Jekyll writes how he was born to a large inheritance, a healthy body, and a hard-working, decent nature. His idealism allowed him to maintain a respectable seriousness in public while hiding his more frivolous and indecent side. By the time he was fully-grown, he found himself leading a dual life. When his scientific interests led to mystical studies in the divided nature of man, he hoped to find some solution. Jekyll insists that man is not truly one, but truly two. He dreamed of separating the good and evil natures within man.
Jekyll eventually found a chemical solution that might accomplish just that. Buying a large quantity of salt as his last ingredient, he took the potion. At first, he experienced incredible pain and nausea. But as these symptoms
subsided, he felt vigorous and was filled with recklessness and sensuality. He became the shrunken
and deformed Mr. Hyde. He hypothesizes that because Hyde represented his evil side, which up to that point has been repressed, Hyde's stature was reduced. Upon first looking into the mirror, he is not repulsed by his new form but experiences a great thrill.
Jekyll was becoming too old to give exercise to his more embarrassing impulses, so transforming into Hyde was a welcome outlet. He thus furnished a home and bank account for his alter ego. Each time he transformed back into Jekyll, he felt wonder, not guilt, at Hyde's exploits.

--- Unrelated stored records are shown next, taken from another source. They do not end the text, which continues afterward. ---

(* Let $s,d$ be integers with $1\le s\le d$ and let $\ell\in\mathcal L$. For any $a>0,\tau>0$, $$\inf_{\hat T}\sup_{P_\xi\in\mathcal G_{a,\tau}}\sup_{\sigma>0}\sup_{\theta\in\Theta_s}\mathbf E_{\theta,P_\xi,\sigma}\,\ell\Big(c\,\big(\sqrt s\log^{1/a}(ed/s)\big)^{-1}\Big|\frac{\hat T-\|\theta\|_2}{\sigma}\Big|\Big)\ge c',$$ and for any $a\ge2,\tau>0$, $$\inf_{\hat T}\sup_{P_\xi\in\mathcal P_{a,\tau}}\sup_{\sigma>0}\sup_{\theta\in\Theta_s}\mathbf E_{\theta,P_\xi,\sigma}\,\ell\Big(\bar c\,\big(\sqrt s(d/s)^{1/a}\big)^{-1}\Big|\frac{\hat T-\|\theta\|_2}{\sigma}\Big|\Big)\ge \bar c',$$ where $c,\bar c,c',\bar c'>0$ are constants depending only on $\ell$, $\tau$ and $a$.
   Context: Model: $Y_i=\theta_i+\sigma\xi_i$, $i=1,\dots,d$, with $\theta\in\mathbb R^d$, $\sigma>0$, $\xi_i$ i.i.d. with distribution $P_\xi$, $\mathbf E\xi_1=0$, $\mathbf E\xi_1^2=1$; $\mathbf E_{\theta,P_\xi,\sigma}$ is expectation under this model; $\Theta_s=\{\theta:\|\theta\|_0\le s\}$ ($\|\theta\|_0$ = number of nonzero coordinates). For $a,\tau>0$, $\mathcal G_{a,\tau}$: distributions with $\mathbf E\xi_1=0,\mathbf E\xi_1^2=1$, $\mathbf P(|\xi_1|>t)\le2e^{-(t/\tau)^a}$ for all $t\ge2$; for $a\ge2,\tau>0$, $\mathcal P_{a,\tau}$: such distributions with $\mathbf P(|\xi_1|>t)\le(\tau/t)^a$ for all $t\ge2$. $\mathcal L$ is the set of nondecreasing $\ell:[0,\infty)\to[0,\infty)$ with $\ell(0)=0$, $\ell\not\equiv0$. $\inf_{\hat T}$ is the infimum over all estimators (measurable functions of $Y$). *)

theory Defs
  imports "HOL-Probability.Probability"
begin

definition loss_class :: "(real \<Rightarrow> real) set" where
  "loss_class = {l. (\<forall>x y. 0 \<le> x \<longrightarrow> x \<le> y \<longrightarrow> l x \<le> l y)
                    \<and> (\<forall>x\<ge>0. l x \<ge> 0) \<and> l 0 = 0 \<and> (\<exists>x\<ge>0. l x \<noteq> 0)}"
lemma pfaff_with_column_zero_unit:
  assumes "distinct (M @ [z, y])" "even (length M)" "skew a"
  shows "pfaff (with_column (with_column a z (\<lambda>_. 0)) y w) (M @ [z, y]) = w z * pfaff a M"
proof -
  define b where "b = with_column (with_column a z (\<lambda>_. 0)) y w"
  have "skew b" unfolding b_def using assms(3) by (simp add: skew_with_column)
  have "pfaff b (remove1 x M @ [z]) = 0" if "x \<in> set M" for x
  proof -
    have "distinct (remove1 x M @ [z])" "odd (length (remove1 x M))"
      using assms(1,2) that set_remove1_subset[of x M] by (auto simp: length_remove1)
    moreover have "b i z = 0" if "i \<in> set (remove1 x M)" for i
      using that set_remove1_subset[of x M] assms(1) by (auto simp: b_def with_column_def)
    ultimately show ?thesis
      using pfaff_snoc[OF _ _ \<open>skew b\<close>] by simp
  qed
  moreover have "pfaff b M = pfaff a M"
    using assms(1) by (intro pfaff_cong) (auto simp: b_def with_column_def)
  ultimately show ?thesis
    using pfaff_snoc_snoc[OF assms(1,2) \<open>skew b\<close>] assms(1) by (simp add: b_def)
qed

section \<open>Pfaffians of rank-two updates\<close>

lemma pfaff_rank_two_update_odd:
  fixes A At :: "nat \<Rightarrow> nat \<Rightarrow> 'a::field_char_0"
  assumes "distinct (M @ [z])" "odd (length M)" "skew A" "skew At"
    and update: "\<And>i j. i \<in> set M \<Longrightarrow> j \<in> set M \<Longrightarrow> At i j = A i j + u i * v j - v i * u j"
    and At_col: "\<And>i. i \<in> set M \<Longrightarrow> At i z = u i"
    and A_col: "\<And>i. i \<in> set M \<Longrightarrow> A i z = v i"
  shows "pfaff At (M @ [z]) + pfaff A (M @ [z])
    = (\<Sum>x\<in>set M. (-1) ^ index_of M x * (u x + v x) * pfaff A (remove1 x M))"
proof -
  have "z \<notin> set M" using assms(1) by simp
  define B where "B = with_column A z u"
  have "skew B" unfolding B_def using assms(3) by (rule skew_with_column)
  have B_minor: "pfaff B (remove1 x M) = pfaff A (remove1 x M)" for x
    using \<open>z \<notin> set M\<close> set_remove1_subset[of x M] by (intro pfaff_cong) (auto simp: B_def with_column_def)
  \<comment> \<open>Adding \<open>v i\<close> times row \<open>z\<close> of \<open>B\<close> to each row \<open>i \<in> M\<close> produces \<open>At\<close>.\<close>
  have "pfaff At (M @ [z]) = pfaff (add_row_multiples B z v (set M)) (M @ [z])"
  proof (rule pfaff_cong)
    fix i j assume "i \<in> set (M @ [z])" "j \<in> set (M @ [z])"
    then consider "i \<in> set M" "j \<in> set M" | "i \<in> set M" "j = z" | "i = z" "j \<in> set M" | "i = z" "j = z"
      by auto
    then show "At i j = add_row_multiples B z v (set M) i j"
    proof cases
      case 1
      then show ?thesis using \<open>z \<notin> set M\<close> update[OF 1]
        by (auto simp: B_def with_column_def add_row_multiples_def algebra_simps)
    next
      case 2
      then show ?thesis using \<open>z \<notin> set M\<close> At_col
        by (auto simp: B_def with_column_def add_row_multiples_def)
    next
      case 3
      then show ?thesis using \<open>z \<notin> set M\<close> At_col skewD[OF assms(4), of j z]
        by (auto simp: B_def with_column_def add_row_multiples_def)
    next
      case 4
      then show ?thesis using \<open>z \<notin> set M\<close> skew_diag_zero[OF assms(4)]
        by (simp add: B_def add_row_multiples_def)
    qed
  qed
  also have "\<dots> = pfaff B (M @ [z])"
    using assms(1) \<open>skew B\<close> \<open>z \<notin> set M\<close> by (intro pfaff_add_row_multiples) auto
  also have "\<dots> = (\<Sum>x\<in>set M. (-1) ^ index_of M x * u x * pfaff A (remove1 x M))"
    unfolding pfaff_snoc[OF assms(1,2) \<open>skew B\<close>] B_minor
    using \<open>z \<notin> set M\<close> by (intro sum.cong) (auto simp: B_def with_column_def)
  moreover have "pfaff A (M @ [z]) = (\<Sum>x\<in>set M. (-1) ^ index_of M x * v x * pfaff A (remove1 x M))"
    unfolding pfaff_snoc[OF assms(1-3)] using A_col by simp
  ultimately show ?thesis
    by (simp add: sum.distrib[symmetric] algebra_simps)
qed
lemma unique_edge_orbit:
  assumes u0: "u0 \<in> VX" and w0: "w0 \<in> VY"
  shows "\<exists>!e. e \<in> {edge_orbit u w | u w. u \<in> VX \<and> w \<in> VY \<and> E u w}
    \<and> quot_incident e (vertex_orbit w0) \<and> quot_incident e (vertex_orbit u0)"
proof -
  obtain w where u0w: "E u0 w" "c (u0, w) = in_colour w0"
    using colour_surj[OF VX_VT[OF u0]] in_colour_VY[OF w0] u0 by (auto simp: colours_def)
  have w: "w \<in> VY" using adj_sides u0w(1) u0 by blast
  have "orbit_type w = orbit_type w0"
    using in_colour_eq[OF u0w(1)] u0w(2) w w0 VY_not_VX unfolding orbit_type_def by simp
  then have incident: "quot_incident (edge_orbit u0 w) (vertex_orbit w0)"
      "quot_incident (edge_orbit u0 w) (vertex_orbit u0)"
    using quot_incident_edge_orbit[OF u0 w u0w(1)] VX_VT[OF u0] VY_VT[OF w0] by auto
  show ?thesis
  proof (rule ex1I[of _ "edge_orbit u0 w"])
    show "edge_orbit u0 w \<in> {edge_orbit u w | u w. u \<in> VX \<and> w \<in> VY \<and> E u w}
      \<and> quot_incident (edge_orbit u0 w) (vertex_orbit w0)
      \<and> quot_incident (edge_orbit u0 w) (vertex_orbit u0)"
      using u0 w u0w(1) incident by blast
  next
    fix e assume e: "e \<in> {edge_orbit u w | u w. u \<in> VX \<and> w \<in> VY \<and> E u w}
      \<and> quot_incident e (vertex_orbit w0) \<and> quot_incident e (vertex_orbit u0)"
    then obtain u' w' where u'w': "u' \<in> VX" "w' \<in> VY" "E u' w'" "e = edge_orbit u' w'" by blast
    have "orbit_type w0 = orbit_type w'" "orbit_type u0 = orbit_type u'"
      using e u'w' quot_incident_edge_orbit[OF u'w'(1-3)] VX_VT[OF u0] VY_VT[OF w0]
        orbit_type_VX_VY[OF u0 u'w'(2)] orbit_type_VX_VY[OF u'w'(1) w0]
      by auto
    then show "e = edge_orbit u0 w"
      using u'w'(4) \<open>orbit_type w = orbit_type w0\<close> unfolding edge_orbit_def by simp
  qed
qed

lemma quotient_complete_bipartite:
  "complete_bipartite_on (quot_vertices U VT) (quot_edges U VT E) quot_incident
     (vertex_orbit ` VY) (vertex_orbit ` VX)"
  unfolding complete_bipartite_on_def quot_vertices_U_c quot_edges_U_c
proof (intro conjI ballI)
  show "vertex_orbit ` VY \<union> vertex_orbit ` VX = vertex_orbit ` VT" using VX_Un_VY by blast
  show "vertex_orbit ` VY \<inter> vertex_orbit ` VX = {}"
    using vertex_orbit_eq_iff[OF VY_VT] orbit_type_VX_VY by fastforce
next
  fix eo assume "eo \<in> {edge_orbit u w | u w. u \<in> VX \<and> w \<in> VY \<and> E u w}"
  then obtain u w where uw: "u \<in> VX" "w \<in> VY" "E u w" "eo = edge_orbit u w" by blast
  show "\<exists>p\<in>vertex_orbit ` VY. \<exists>q\<in>vertex_orbit ` VX.
      {x \<in> vertex_orbit ` VT. quot_incident eo x} = {p, q}"
  proof (intro bexI)
    show "{x \<in> vertex_orbit ` VT. quot_incident eo x} = {vertex_orbit w, vertex_orbit u}"
      using edge_orbit_ends[OF uw(1-3)] uw(4) by simp
  qed (use uw in simp_all)
next
  fix p q assume "p \<in> vertex_orbit ` VY" "q \<in> vertex_orbit ` VX"
  then obtain w0 u0 where "w0 \<in> VY" "p = vertex_orbit w0" "u0 \<in> VX" "q = vertex_orbit u0" by blast
  then show "\<exists>!e. e \<in> {edge_orbit u w | u w. u \<in> VX \<and> w \<in> VY \<and> E u w}
      \<and> quot_incident e p \<and> quot_incident e q"
    using unique_edge_orbit by simp
qed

It was not until two months before the Carew murder that Jekyll found cause for concern. While asleep one night, he automatically transformed into Hyde. This convinced him that he must quit turning into Hyde, but after two months he caved in and took the potion again. The murder was the result of those two months of pent-up violence. Hyde was delighted with the murder, but even as he was transforming back into Jekyll, he knelt and prayed to God. Remorse, as well as relief at the impossibility of becoming Hyde, led to Jekyll's two months of healthy sociability and good intent.
Eventually, Jekyll grew weary of constant virtue. Sitting in the park one day, he began to contemplate a return to such outlets for his desires as he had used before his experiments. But this failure of rigid mental control was enough to cause a spontaneous transformation into Hyde. He immediately felt braver but also hunted. It was that night that he sent word to Lanyon to get his potions for him. After that, he had to take a double dose of the potion every six hours to avoid spontaneous transformation into Hyde. Hyde grew stronger as Jekyll grew weak, and soon he ran low on the salt necessary for the potion. Jekyll used the last of the potion to buy time during which to compose this final letter.